How to Design Python AI Projects That Don't Fall Apart
A framework-agnostic approach to modular agents, workflows, and LLM apps using the pragmatic clean architecture design.
I was a true believer in Clean Architecture, thinking that would help me figure out how to structure Python AI projects. I spent countless hours obsessively dividing my projects into domain, application, infrastructure, and interface folders. I forced every single piece of code to fit into these four buckets. It felt “correct.” But in reality, it was a nightmare to maintain. It wasn’t until I realized that these layers should be virtual concepts that I finally cracked it.
Because Python is incredibly flexible, it allows you to build anything. That’s why it’s so confusing on how to properly design and structure your Python code. All the responsibility is on the developer. But that flexibility often leads to “spaghetti code” when building complex AI apps such as agents and workflows.
Most recommendations on how to design Python projects fall into two extremes. They are either hyper-specific to a tool, like a FastAPI template or a LangGraph starter kit. Or they follow the Clean Architecture pattern too rigidly. Software architects originally designed this pattern for Java and C#. I have been a victim of this dogmatism.

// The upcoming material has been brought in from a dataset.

(* Let $(\mathcal A,\mathbb E)$ be a $B$-valued probability space and $a\in\mathcal A$ with $\mathbb E(a)\in B^\times$. Then $$U_a:=S_a^{-1}\cdot I\cdot S_a=(K^a\cdot I)\circ(I\cdot K^a)^{\circ-1}=(M^a\cdot I)\circ(I\cdot M^a)^{\circ-1}.$$
   Context: $B$ is a unital algebra over a field $\mathbb K$ of characteristic zero. $\mathrm{Mult}[[B]]$: sequences $f=(f_n)_{n\ge0}$ of multilinear maps $f_n:B^n\to B$. Product $(f\cdot g)_n(x_1,\dots,x_n)=\sum_{k=0}^n f_k(x_1,\dots,x_k)g_{n-k}(x_{k+1},\dots,x_n)$, $h^{-1}$ multiplicative inverse; for $g_0=0$, composition $(f\circ g)_n(x_1,\dots,x_n)=\sum_{l\ge0}\sum_{k_1+\dots+k_l=n,k_i\ge1}f_l(g_{k_1}(x_1,\dots,x_{k_1}),\dots,g_{k_l}(x_{n-k_l+1},\dots,x_n))$, $f^{\circ-1}$ compositional inverse; $I=(\delta_{n,1}\mathrm{id}_B)$. For $f=I\cdot F$ with $F_0\in B^\times$, the S-transform $S_f$ is defined by $f^{\circ-1}=I\cdot S_f$. $B$-valued probability space $(\mathcal A,\mathbb E)$: $\mathcal A$ a unital $\mathbb K$-algebra and $B$-bimodule with all mixed triple products associative; $\mathbb E:\mathcal A\to B$ linear, unital, $\mathbb E(xay)=x\mathbb E(a)y$. Cumulants: with planar binary trees $Y_0=\{|\}$, $Y_n=\{\sigma\vee\tau:|\sigma|+|\tau|=n-1\}$, each $\tau\in Y_n$ ($n\ge1$) uniquely $\tau_1\vee(\tau_2\vee(\cdots\vee(\tau_k\vee|)))$, $j_i=|\tau_1|+\dots+|\tau_i|+i$, multilinear $\kappa_n:\mathcal A^n\to B$ are defined by $\mathbb E(a_1\cdots a_n)=\sum_{\tau\in Y_n}\kappa_\tau(a_1,\dots,a_n)$ with $\kappa_|=1$, $\kappa_\tau(a_1,\dots,a_n)=\kappa_k(\kappa_{\tau_1}(a_1,\dots,a_{j_1-1})a_{j_1},\dots,\kappa_{\tau_k}(a_{j_{k-1}+1},\dots,a_{j_k-1})a_{j_k})$. For $a\in\mathcal A$: moment series $M^a_n(x_1,\dots,x_n)=\mathbb E(ax_1ax_2a\cdots x_na)$; $K^a_n(x_1,\dots,x_n)=\kappa_{n+1}(a,x_1a,\dots,x_na)$; $k^a=I\cdot K^a$, i.e. $k^a_n(x_1,\dots,x_n)=\kappa_n(x_1a,\dots,x_na)$; $S_a:=S_{k^a}$. *)

theory Defs
  imports Main
begin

We need a middle ground. We need a tool- and framework-agnostic approach that provides structure without bloat. In this article, we will explore a pragmatic, “loose” version of Clean Architecture applied to AI Engineering. We won’t follow the book letter-by-letter. Instead, we will inherit only the principles that make code modular, flexible, testable, and maintainable.

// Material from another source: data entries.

(* Let $\mathcal{P},\mathcal{S}$ be patterns, let $P\in\mathbb{R}^{n\times n}(\mathcal{P})$ be a reversible stochastic matrix with stationary distribution $\boldsymbol{\pi}$, $\hat{\boldsymbol{\pi}}=\boldsymbol{\pi}^{1/2}$ entrywise, and let \[ \mathcal{M}_{P,\boldsymbol{\pi}}=\Big\{X\in\mathbb{R}^{n\times n}_{\mathrm{exact}}(\mathcal{P}\cup\mathcal{S}) : X=X^\top,\ X\hat{\boldsymbol{\pi}}=\hat{\boldsymbol{\pi}},\ X_{ij}>0\text{ if }\{i,j\}\in\mathcal{S},\ X_{ij}=\tfrac{\hat\pi_i}{\hat\pi_j}P_{ij}\text{ if }\{i,j\}\notin\mathcal{S}\Big\}. \] Then for every $X\in\mathcal{M}_{P,\boldsymbol{\pi}}$, the tangent space of $\mathcal{M}_{P,\boldsymbol{\pi}}$ at $X$ (the set of velocities $\dot\gamma(0)$ of smooth curves $\gamma$ in $\mathcal{M}_{P,\boldsymbol{\pi}}$ with $\gamma(0)=X$) is \[ \mathcal{T}_X\mathcal{M}_{P,\boldsymbol{\pi}}=\{\xi\in\mathbb{R}^{n\times n}(\mathcal{S}) : \xi=\xi^\top,\ \xi\hat{\boldsymbol{\pi}}=0\}. \]
   Context: A stochastic matrix is nonnegative with row sums $1$; it is reversible if irreducible and its (unique, positive) stationary distribution $\boldsymbol{\pi}$ (probability vector with $\boldsymbol{\pi}^\top P=\boldsymbol{\pi}^\top$) satisfies $\pi_iP_{ij}=\pi_jP_{ji}$ for all $i,j$. A pattern is a set of unordered pairs $\{i,j\}$, $1\le i,j\le n$, containing $\{i,i\}$ for all $i$. $\mathbb{R}^{n\times n}(\mathcal{S})$ is the set of real $n\times n$ matrices $\Delta$ with $\Delta_{ij}=\Delta_{ji}=0$ whenever $\{i,j\}\notin\mathcal{S}$; $\mathbb{R}^{n\times n}_{\mathrm{exact}}(\mathcal{S})$ is the set of real $n\times n$ matrices $\Delta$ with ($\Delta_{ij}\ne0$ and $\Delta_{ji}\ne0$) if and only if $\{i,j\}\in\mathcal{S}$. *)

theory Defs
  imports "HOL-Analysis.Analysis"
begin

text \<open>n x n real matrices are modelled as real^'n^'n with a finite index type 'n;
  entry (i,j) is X $ i $ j. An unordered pair {i,j} is the set {i,j} (so {i,i} = {i}).\<close>

definition is_pattern :: "'n set set \<Rightarrow> bool" where
  "is_pattern S \<longleftrightarrow> (\<forall>e\<in>S. \<exists>i j. e = {i, j}) \<and> (\<forall>i. {i, i} \<in> S)"

definition in_pattern :: "'n set set \<Rightarrow> real^'n^'n \<Rightarrow> bool" where
  "in_pattern S D \<longleftrightarrow> (\<forall>i j. {i, j} \<notin> S \<longrightarrow> D $ i $ j = 0 \<and> D $ j $ i = 0)"

definition in_exact_pattern :: "'n set set \<Rightarrow> real^'n^'n \<Rightarrow> bool" where
  "in_exact_pattern S D \<longleftrightarrow> (\<forall>i j. (D $ i $ j \<noteq> 0 \<and> D $ j $ i \<noteq> 0) \<longleftrightarrow> {i, j} \<in> S)"

definition stochastic :: "real^'n^'n::finite \<Rightarrow> bool" where
  "stochastic P \<longleftrightarrow> (\<forall>i j. P $ i $ j \<ge> 0) \<and> (\<forall>i. (\<Sum>j\<in>UNIV. P $ i $ j) = 1)"

definition irreducible_mat :: "real^'n^'n \<Rightarrow> bool" where
  "irreducible_mat P \<longleftrightarrow> (\<forall>i j. (i, j) \<in> {(k, l). P $ k $ l > 0}\<^sup>*)"

definition stationary_distribution :: "real^'n^'n::finite \<Rightarrow> real^'n \<Rightarrow> bool" where
  "stationary_distribution P \<pi> \<longleftrightarrow>
     (\<forall>i. \<pi> $ i \<ge> 0) \<and> (\<Sum>i\<in>UNIV. \<pi> $ i) = 1 \<and> \<pi> v* P = \<pi>"

definition reversible_with :: "real^'n^'n::finite \<Rightarrow> real^'n \<Rightarrow> bool" where
  "reversible_with P \<pi> \<longleftrightarrow> stochastic P \<and> irreducible_mat P \<and> stationary_distribution P \<pi>
     \<and> (\<forall>i. \<pi> $ i > 0) \<and> (\<forall>i j. \<pi> $ i * P $ i $ j = \<pi> $ j * P $ j $ i)"

definition sqrt_vec :: "real^'n \<Rightarrow> real^'n" where
  "sqrt_vec v = (\<chi> i. sqrt (v $ i))"

definition M_set :: "'n set set \<Rightarrow> 'n set set \<Rightarrow> real^'n^'n::finite \<Rightarrow> real^'n \<Rightarrow> (real^'n^'n) set" where
  "M_set \<P> \<S> P \<pi> = {X. in_exact_pattern (\<P> \<union> \<S>) X \<and> transpose X = X
      \<and> X *v sqrt_vec \<pi> = sqrt_vec \<pi>
      \<and> (\<forall>i j. {i, j} \<in> \<S> \<longrightarrow> X $ i $ j > 0)
      \<and> (\<forall>i j. {i, j} \<notin> \<S> \<longrightarrow> X $ i $ j = (sqrt_vec \<pi> $ i / sqrt_vec \<pi> $ j) * P $ i $ j)}"

definition vderiv :: "(real \<Rightarrow> 'a::real_normed_vector) \<Rightarrow> real \<Rightarrow> 'a" where
  "vderiv f = (\<lambda>t. vector_derivative f (at t))"

definition smooth_on_interval :: "real \<Rightarrow> real \<Rightarrow> (real \<Rightarrow> 'a::real_normed_vector) \<Rightarrow> bool" where
  "smooth_on_interval a b \<gamma> \<longleftrightarrow> (\<forall>k. \<forall>t\<in>{a<..<b}. ((vderiv ^^ k) \<gamma>) differentiable (at t))"

definition tangent_space :: "('a::real_normed_vector) set \<Rightarrow> 'a \<Rightarrow> 'a set" where
  "tangent_space M X = {v. \<exists>\<epsilon>>0. \<exists>\<gamma>. smooth_on_interval (-\<epsilon>) \<epsilon> \<gamma>
       \<and> (\<forall>t\<in>{-\<epsilon><..<\<epsilon>}. \<gamma> t \<in> M) \<and> \<gamma> 0 = X \<and> (\<gamma> has_vector_derivative v) (at 0)}"

end

theory Submission
  imports Defs
begin

text \<open>\<open>M_set \<P> \<S> P \<pi>\<close> is an open subset (cut out by the strict inequalities on the entries
  in \<open>\<S>\<close>) of the affine subspace given by symmetry, \<open>X \<pi>\<^sup>1\<^sup>/\<^sup>2 = \<pi>\<^sup>1\<^sup>/\<^sup>2\<close> and the prescribed entries
  outside \<open>\<S>\<close>. Curves in it therefore have velocities in the direction space of that subspace,
  and conversely every such direction is the velocity of a straight line, which stays in the
  open set for small times.\<close>

lemma tangent_space_subset_kernel:
  fixes L :: "'a::real_normed_vector \<Rightarrow> 'b::real_normed_vector"
  assumes L: "bounded_linear L" and const: "\<forall>Y\<in>M. L Y = L X"
    and v: "v \<in> tangent_space M X"
  shows "L v = 0"
proof -
  obtain \<epsilon> \<gamma> where \<epsilon>: "\<epsilon> > 0" and in_M: "\<forall>t\<in>{-\<epsilon><..<\<epsilon>}. \<gamma> t \<in> M"
    and \<gamma>': "(\<gamma> has_vector_derivative v) (at 0)"
    using v unfolding tangent_space_def by blast
  have "((\<lambda>t. L (\<gamma> t)) has_vector_derivative L v) (at 0)"
    using bounded_linear.has_vector_derivative[OF L \<gamma>'] .
  moreover have "((\<lambda>t. L X) has_vector_derivative 0) (at 0)"
    by (rule derivative_eq_intros) auto
  then have "((\<lambda>t. L (\<gamma> t)) has_vector_derivative 0) (at 0)"
    by (rule has_vector_derivative_transform_within_open[where S = "{-\<epsilon><..<\<epsilon>}"])
       (use \<epsilon> in_M const in auto)
  ultimately show ?thesis
    by (rule vector_derivative_unique_at)
qed

lemma vderiv_affine:
  "vderiv (\<lambda>t. a + t *\<^sub>R b) = (\<lambda>t. b + t *\<^sub>R (0::'a::real_normed_vector))"
proof -
  have "((\<lambda>t. a + t *\<^sub>R b) has_vector_derivative b) (at t)" for t
    by (auto intro!: derivative_eq_intros)
  then show ?thesis
    unfolding vderiv_def by (auto intro: vector_derivative_at)
qed

lemma smooth_on_interval_affine:
  "smooth_on_interval x y (\<lambda>t. a + t *\<^sub>R (b::'a::real_normed_vector))"
proof -
  have affine: "\<exists>a' b'. (vderiv ^^ k) (\<lambda>t. a + t *\<^sub>R b) = (\<lambda>t. a' + t *\<^sub>R (b'::'a))" for k
  proof (induction k)
    case 0
    then show ?case by auto
  next
    case (Suc k)
    then obtain a' b' where "(vderiv ^^ k) (\<lambda>t. a + t *\<^sub>R b) = (\<lambda>t. a' + t *\<^sub>R b')"
      by blast
    then have "(vderiv ^^ Suc k) (\<lambda>t. a + t *\<^sub>R b) = (\<lambda>t. b' + t *\<^sub>R 0)"
      by (simp add: vderiv_affine)
    then show ?case by blast
  qed
  show ?thesis
    unfolding smooth_on_interval_def
  proof (intro allI ballI)
    fix k t
    obtain a' b' where "(vderiv ^^ k) (\<lambda>t. a + t *\<^sub>R b) = (\<lambda>t. a' + t *\<^sub>R b')"
      using affine by blast
    moreover have "(\<lambda>t. a' + t *\<^sub>R b') differentiable (at t)"
      by (intro derivative_intros)
    ultimately show "(vderiv ^^ k) (\<lambda>t. a + t *\<^sub>R b) differentiable (at t)"
      by simp
  qed
qed

lemma tangent_space_if_eventually_line:
  fixes X \<xi> :: "'a::real_normed_vector"
  assumes "\<forall>\<^sub>F t in nhds 0. X + t *\<^sub>R \<xi> \<in> M"
  shows "\<xi> \<in> tangent_space M X"
proof -
  obtain d where d: "d > 0" and line: "\<forall>t. dist t 0 < d \<longrightarrow> X + t *\<^sub>R \<xi> \<in> M"
    using assms unfolding eventually_nhds_metric by blast
  have "((\<lambda>t. X + t *\<^sub>R \<xi>) has_vector_derivative \<xi>) (at 0)"
    by (auto intro!: derivative_eq_intros)
  moreover have "\<forall>t\<in>{-d<..<d}. X + t *\<^sub>R \<xi> \<in> M"
    using line by (auto simp: dist_real_def)
  ultimately show ?thesis
    unfolding tangent_space_def using d smooth_on_interval_affine by fastforce
qed

lemma transpose_eq_iff: "transpose (A::'a^'n^'n) = A \<longleftrightarrow> (\<forall>i j. A $ i $ j = A $ j $ i)"
  by (auto simp: transpose_def vec_eq_iff)

lemma eventually_entries_pos_along_line:
  fixes X \<xi> :: "real^'n::finite^'m::finite"
  assumes "\<forall>i j. Q i j \<longrightarrow> X $ i $ j > 0"
  shows "\<forall>\<^sub>F t in nhds 0. \<forall>i j. Q i j \<longrightarrow> (X + t *\<^sub>R \<xi>) $ i $ j > 0"
proof (intro eventually_all_finite)
  fix i j
  have "((\<lambda>t. X $ i $ j + t * \<xi> $ i $ j) \<longlongrightarrow> X $ i $ j + 0 * \<xi> $ i $ j) (nhds 0)"
    by (intro tendsto_intros filterlim_ident)
  then have "((\<lambda>t. (X + t *\<^sub>R \<xi>) $ i $ j) \<longlongrightarrow> X $ i $ j) (nhds 0)"
    by simp
  then show "\<forall>\<^sub>F t in nhds 0. Q i j \<longrightarrow> (X + t *\<^sub>R \<xi>) $ i $ j > 0"
    using assms by (cases "Q i j") (auto dest: order_tendstoD(1))
qed

lemma add_mem_M_set:
  assumes X: "X \<in> M_set \<P> \<S> P \<pi>"
    and \<xi>: "in_pattern \<S> \<xi>" "transpose \<xi> = \<xi>" "\<xi> *v sqrt_vec \<pi> = 0"
    and pos: "\<forall>i j. {i, j} \<in> \<S> \<longrightarrow> (X + \<xi>) $ i $ j > 0"
  shows "X + \<xi> \<in> M_set \<P> \<S> P \<pi>"
proof -
  have unchanged: "(X + \<xi>) $ i $ j = X $ i $ j" if "{i, j} \<notin> \<S>" for i j
    using \<xi>(1) that by (auto simp: in_pattern_def)
  have "in_exact_pattern (\<P> \<union> \<S>) (X + \<xi>)"
    unfolding in_exact_pattern_def
  proof (intro allI)
    fix i j
    show "((X + \<xi>) $ i $ j \<noteq> 0 \<and> (X + \<xi>) $ j $ i \<noteq> 0) \<longleftrightarrow> {i, j} \<in> \<P> \<union> \<S>"
    proof (cases "{i, j} \<in> \<S>")
      case True
      then show ?thesis
        using pos by (force simp: insert_commute)
    next
      case False
      then have "(X + \<xi>) $ i $ j = X $ i $ j" "(X + \<xi>) $ j $ i = X $ j $ i"
        using unchanged by (auto simp: insert_commute)
      moreover have "in_exact_pattern (\<P> \<union> \<S>) X"
        using X by (simp add: M_set_def)
      ultimately show ?thesis
        using False unfolding in_exact_pattern_def by presburger
    qed
  qed
  with X \<xi> pos unchanged show ?thesis
    by (auto simp: M_set_def transpose_eq_iff matrix_vector_mult_add_rdistrib)
qed

lemma M_set_contains_line:
  assumes X: "X \<in> M_set \<P> \<S> P \<pi>"
    and \<xi>: "in_pattern \<S> \<xi>" "transpose \<xi> = \<xi>" "\<xi> *v sqrt_vec \<pi> = 0"
  shows "\<forall>\<^sub>F t in nhds 0. X + t *\<^sub>R \<xi> \<in> M_set \<P> \<S> P \<pi>"
proof -
  have "\<forall>i j. {i, j} \<in> \<S> \<longrightarrow> X $ i $ j > 0"
    using X by (simp add: M_set_def)
  then show ?thesis
  proof (rule eventually_entries_pos_along_line[THEN eventually_mono])
    fix t
    assume "\<forall>i j. {i, j} \<in> \<S> \<longrightarrow> (X + t *\<^sub>R \<xi>) $ i $ j > 0"
    moreover have "in_pattern \<S> (t *\<^sub>R \<xi>)" "transpose (t *\<^sub>R \<xi>) = t *\<^sub>R \<xi>"
      "(t *\<^sub>R \<xi>) *v sqrt_vec \<pi> = 0"
      using \<xi> by (auto simp: in_pattern_def transpose_eq_iff simp flip: scaleR_matrix_vector_assoc)
    ultimately show "X + t *\<^sub>R \<xi> \<in> M_set \<P> \<S> P \<pi>"
      using add_mem_M_set[OF X] by blast
  qed
qed

lemma tangent_space_M_set_subset:
  fixes P :: "real^'n::finite^'n"
  assumes v: "v \<in> tangent_space (M_set \<P> \<S> P \<pi>) X"
  shows "in_pattern \<S> v \<and> transpose v = v \<and> v *v sqrt_vec \<pi> = 0"
proof -
  let ?M = "M_set \<P> \<S> P \<pi>" and ?s = "sqrt_vec \<pi>"
  have X: "X \<in> ?M"
    using v unfolding tangent_space_def by fastforce
  have entry_zero: "v $ i $ j = 0" if "{i, j} \<notin> \<S>" for i j
  proof (rule tangent_space_subset_kernel[OF _ _ v])
    show "bounded_linear (\<lambda>Y::real^'n^'n. Y $ i $ j)"
      by (simp add: bounded_linear_compose[OF bounded_linear_vec_nth bounded_linear_vec_nth])
    show "\<forall>Y\<in>?M. Y $ i $ j = X $ i $ j"
      using X that by (simp add: M_set_def)
  qed
  have "transpose v - v = 0"
  proof (rule tangent_space_subset_kernel[OF _ _ v])
    show "bounded_linear (\<lambda>Y::real^'n^'n. transpose Y - Y)"
      by (rule linear_conv_bounded_linear[THEN iffD1])
         (auto intro!: linearI simp: transpose_def vec_eq_iff algebra_simps)
    show "\<forall>Y\<in>?M. transpose Y - Y = transpose X - X"
      using X by (simp add: M_set_def)
  qed
  moreover have "v *v ?s = 0"
  proof (rule tangent_space_subset_kernel[OF _ _ v])
    show "bounded_linear (\<lambda>Y::real^'n^'n. Y *v ?s)"
      by (rule linear_conv_bounded_linear[THEN iffD1])
         (auto intro!: linearI simp: matrix_vector_mult_add_rdistrib scaleR_matrix_vector_assoc)
    show "\<forall>Y\<in>?M. Y *v ?s = X *v ?s"
      using X by (simp add: M_set_def)
  qed
  moreover have "in_pattern \<S> v"
    using entry_zero by (auto simp: in_pattern_def insert_commute)
  ultimately show ?thesis
    by simp
qed

theorem lemma4p5:
  fixes \<P> \<S> :: "'n::finite set set" and P :: "real^'n^'n" and \<pi> :: "real^'n"
  assumes "is_pattern \<P>" and "is_pattern \<S>"
    and "in_pattern \<P> P"
    and "reversible_with P \<pi>"
    and "X \<in> M_set \<P> \<S> P \<pi>"
  shows "tangent_space (M_set \<P> \<S> P \<pi>) X =
           {\<xi>. in_pattern \<S> \<xi> \<and> transpose \<xi> = \<xi> \<and> \<xi> *v sqrt_vec \<pi> = 0}"
proof (intro set_eqI iffI)
  fix \<xi>
  assume "\<xi> \<in> tangent_space (M_set \<P> \<S> P \<pi>) X"
  then show "\<xi> \<in> {\<xi>. in_pattern \<S> \<xi> \<and> transpose \<xi> = \<xi> \<and> \<xi> *v sqrt_vec \<pi> = 0}"
    using tangent_space_M_set_subset by simp
next
  fix \<xi>
  assume "\<xi> \<in> {\<xi>. in_pattern \<S> \<xi> \<and> transpose \<xi> = \<xi> \<and> \<xi> *v sqrt_vec \<pi> = 0}"
  then show "\<xi> \<in> tangent_space (M_set \<P> \<S> P \<pi>) X"
    by (auto intro: tangent_space_if_eventually_line M_set_contains_line[OF assms(5)])
qed

end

Hence, the pragmatic clean architecture design.
Here is what we will cover:
Define the four virtual layers required for modularity.
Structure an AI project to separate business logic from infrastructure and serving layers.
Implement a concrete folder structure that scales.
Avoid the three biggest mistakes engineers make when structuring Python apps.
But first, a quick word from our sponsor, Opik ↓
AI Agents Virtual Hackathon With $30,000 in Prizes (Sponsored)
Want to get motivated to build that AI agent you had in mind in the past 12 months while having fun, meeting cool people and potentially earning up to $10,000 (in cash per team)?
Hackathons are the best way to do that.
Opik is hosting a free one, together with Google DeepMind and Vercel, offering $30,000 in prizes with a single goal: building and shipping AI agents.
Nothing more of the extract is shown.